• Jiji


Kenta Izumi, one of the four candidates in the race to lead Japan’s top opposition party, expressed his readiness during a TV program Sunday to hold active parliamentary debates on the Constitution.

The other three candidates for the Nov. 30 election to pick the next leader of the Constitutional Democratic Party of Japan indicated they would accept such debates in principle, but stressed the need to ensure the environment is right in order to hold careful discussions.

“The CDP is a political party that puts weight on debating the Constitution, and I’m ready to fully discuss the country’s supreme law at the Diet’s commissions on the Constitution,” said Izumi, who now serves as the CDP’s policy chief.

Regarding the notion that the CDP could outright reject any constitutional discussions, Izumi said that he believes many members of the public do not support a strategy of staging “physical resistance” in Diet deliberations.

Of the other three candidates, Seiji Osaka, a former prime ministerial special adviser, said: “We should thoroughly hold discussions on the Constitution. But reckless discussions would be problematic.”
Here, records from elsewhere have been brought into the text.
lemma dual_obj_transpose: "dual_obj \<eta> \<tau> b a v u (transpose t) = dual_obj \<eta> \<tau> a b u v t"
proof -
  have "(\<Sum>i\<in>UNIV. \<Sum>j\<in>UNIV. (transpose t $ i $ j)\<^sup>2) = (\<Sum>i\<in>UNIV. \<Sum>j\<in>UNIV. (t $ i $ j)\<^sup>2)"
    unfolding transpose_def by (simp add: sum.swap[of "\<lambda>i j. (t $ j $ i)\<^sup>2"])
  then show ?thesis
    unfolding dual_obj_def by simp
qed

lemma dual_optimal_transpose:
  assumes opt: "dual_optimal C \<eta> \<tau> a b u v t"
  shows "dual_optimal (transpose C) \<eta> \<tau> b a v u (transpose t)"
  unfolding dual_optimal_def
proof (intro conjI allI impI)
  show "dual_feasible (transpose C) v u (transpose t)"
    using opt by (simp add: dual_optimal_def dual_feasible_transpose)
  fix v' u' t' assume "dual_feasible (transpose C) v' u' t'"
  then have "dual_feasible C u' v' (transpose t')"
    using dual_feasible_transpose[of C v' u' "transpose t'"] by simp
  then have "dual_obj \<eta> \<tau> a b u' v' (transpose t') \<le> dual_obj \<eta> \<tau> a b u v t"
    using opt by (simp add: dual_optimal_def)
  then show "dual_obj \<eta> \<tau> b a v' u' t' \<le> dual_obj \<eta> \<tau> b a v u (transpose t)"
    using dual_obj_transpose[of \<eta> \<tau> b a v' u' "transpose t'"] by (simp add: dual_obj_transpose)
qed

lemma dual_optimal_v_neg:
  assumes opt: "dual_optimal C \<eta> \<tau> a b u v t" and eta: "\<eta> > 0" and tau: "\<tau> > 0"
    and a: "a \<in> prob_simplex" and large: "u $ i > max_abs_norm C + 2 * \<eta>"
  shows "v $ j < 0"
proof -
  have feas: "0 \<le> t $ i $ j'" "u $ i + v $ j' - C $ i $ j' \<le> t $ i $ j'" for j'
    using opt by (auto simp: dual_optimal_def dual_feasible_def)
  have C: "C $ i $ j \<le> max_abs_norm C" "0 \<le> max_abs_norm C"
    using abs_le_max_abs_norm[of C i j] by linarith+
  have "0 \<le> a $ i" "a $ i \<le> 1"
    using a member_le_sum[of i UNIV "\<lambda>k. a $ k"] by (auto simp: prob_simplex_def)
  then have "a $ i * exp (- u $ i / \<tau>) \<le> exp (- u $ i / \<tau>)"
    by (intro mult_left_le_one_le) auto
  also have "\<dots> < 1"
    using large C eta tau by simp
  finally have "a $ i * exp (- u $ i / \<tau>) < 1" .
  then have "(\<Sum>j'\<in>UNIV. t $ i $ j') < 2 * \<eta>"
    using dual_optimal_row_sum[OF opt eta] tau eta by simp
  moreover have "t $ i $ j \<le> (\<Sum>j'\<in>UNIV. t $ i $ j')"
    using feas by (intro member_le_sum) auto
  ultimately show ?thesis
    using feas(2)[of j] C large by linarith
qed

lemma dual_optimal_u_pos:
  assumes opt: "dual_optimal C \<eta> \<tau> a b u v t" and eta: "\<eta> > 0" and tau: "\<tau> \<noteq> 0"
    and C_nonneg: "\<forall>i j. C $ i $ j \<ge> 0" and a_pos: "a $ k > 0" and v_neg: "\<forall>j. v $ j < 0"
  shows "u $ k > 0"
proof -
  have "(\<Sum>j\<in>UNIV. t $ k $ j) > 0"
    using dual_optimal_row_sum[OF opt eta tau] eta a_pos by simp
  then obtain j where "t $ k $ j \<noteq> 0"
    by (metis (mono_tags) less_irrefl sum.neutral)
  moreover have "t $ k $ j \<ge> 0"
    using opt by (simp add: dual_optimal_def dual_feasible_def)
  ultimately have "t $ k $ j > 0"
    by simp
  with dual_optimal_complementary_slackness[OF opt eta tau this] show ?thesis
    using v_neg[rule_format, of j] C_nonneg[rule_format, of k j] by linarith
qed

lemma dual_optimal_u_bound:
  assumes C_nonneg: "\<forall>i j. C $ i $ j \<ge> 0" and tau: "\<tau> > 0" and eta: "\<eta> > 0"
    and a_simplex: "a \<in> prob_simplex" and a_pos: "\<forall>i. a $ i > 0"
    and b_simplex: "b \<in> prob_simplex" and b_pos: "\<forall>j. b $ j > 0"
    and opt: "dual_optimal C \<eta> \<tau> a b u v t"
  shows "u $ i \<le> max_abs_norm C + 2 * \<eta>"
proof (rule ccontr)
  assume "\<not> ?thesis"
  then have v_neg: "\<forall>j. v $ j < 0"
    using dual_optimal_v_neg[OF opt eta tau a_simplex, of i] by simp
  have u_pos: "u $ k > 0" for k
    using dual_optimal_u_pos[OF opt eta _ C_nonneg _ v_neg] tau a_pos by force
  have "(\<Sum>i\<in>UNIV. a $ i * exp (- u $ i / \<tau>)) < (\<Sum>i\<in>UNIV. a $ i)"
    using u_pos tau a_pos by (intro sum_strict_mono) auto
  also have "\<dots> = (\<Sum>j\<in>UNIV. b $ j)"
    using a_simplex b_simplex by (simp add: prob_simplex_def)
  also have "\<dots> < (\<Sum>j\<in>UNIV. b $ j * exp (- v $ j / \<tau>))"
    using v_neg tau b_pos by (intro sum_strict_mono) (auto simp: divide_neg_pos)
  finally show False
    using dual_optimal_balance[OF opt] tau by simp
qed

theorem mainTheorem10:
  fixes C :: "real^'n^'n" and a b u v :: "real^'n" and t :: "real^'n^'n"
    and \<tau> \<eta> :: real
  assumes C_nonneg: "\<forall>i j. C $ i $ j \<ge> 0"
    and tau_pos: "\<tau> > 0"
    and eta_pos: "\<eta> > 0"
    and a_simplex: "a \<in> prob_simplex" and a_pos: "\<forall>i. a $ i > 0"
    and b_simplex: "b \<in> prob_simplex" and b_pos: "\<forall>j. b $ j > 0"
    and opt: "dual_optimal C \<eta> \<tau> a b u v t"
  shows "(\<forall>i. u $ i \<le> max_abs_norm C + 2 * \<eta>) \<and> (\<forall>j. v $ j \<le> max_abs_norm C + 2 * \<eta>)"
proof (intro conjI allI)
  show "u $ i \<le> max_abs_norm C + 2 * \<eta>" for i
    using dual_optimal_u_bound[OF C_nonneg tau_pos eta_pos a_simplex a_pos b_simplex b_pos opt] .
  have "\<forall>i j. transpose C $ i $ j \<ge> 0"
    using C_nonneg by (simp add: transpose_def)
  from dual_optimal_u_bound[OF this tau_pos eta_pos b_simplex b_pos a_simplex a_pos
      dual_optimal_transpose[OF opt]]
  show "v $ j \<le> max_abs_norm C + 2 * \<eta>" for j
    by (simp add: max_abs_norm_transpose)
qed

end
Junya Ogawa, a former parliamentary vice minister for internal affairs and communications, also indicated a cautious stance.

But he also said that “positive and constructive discussions” should be held on specific issues, pointing to the need to confirm the stance of the ruling Liberal Democratic Party.

Chinami Nishimura, former state minister of health, labor and welfare, said that constitutional revision talks should be held.

But she voiced opposition to the LDP’s proposal to add an article to the Constitution on the handling of emergencies, saying, “We would be able to deal with such situations partly by amending existing laws.”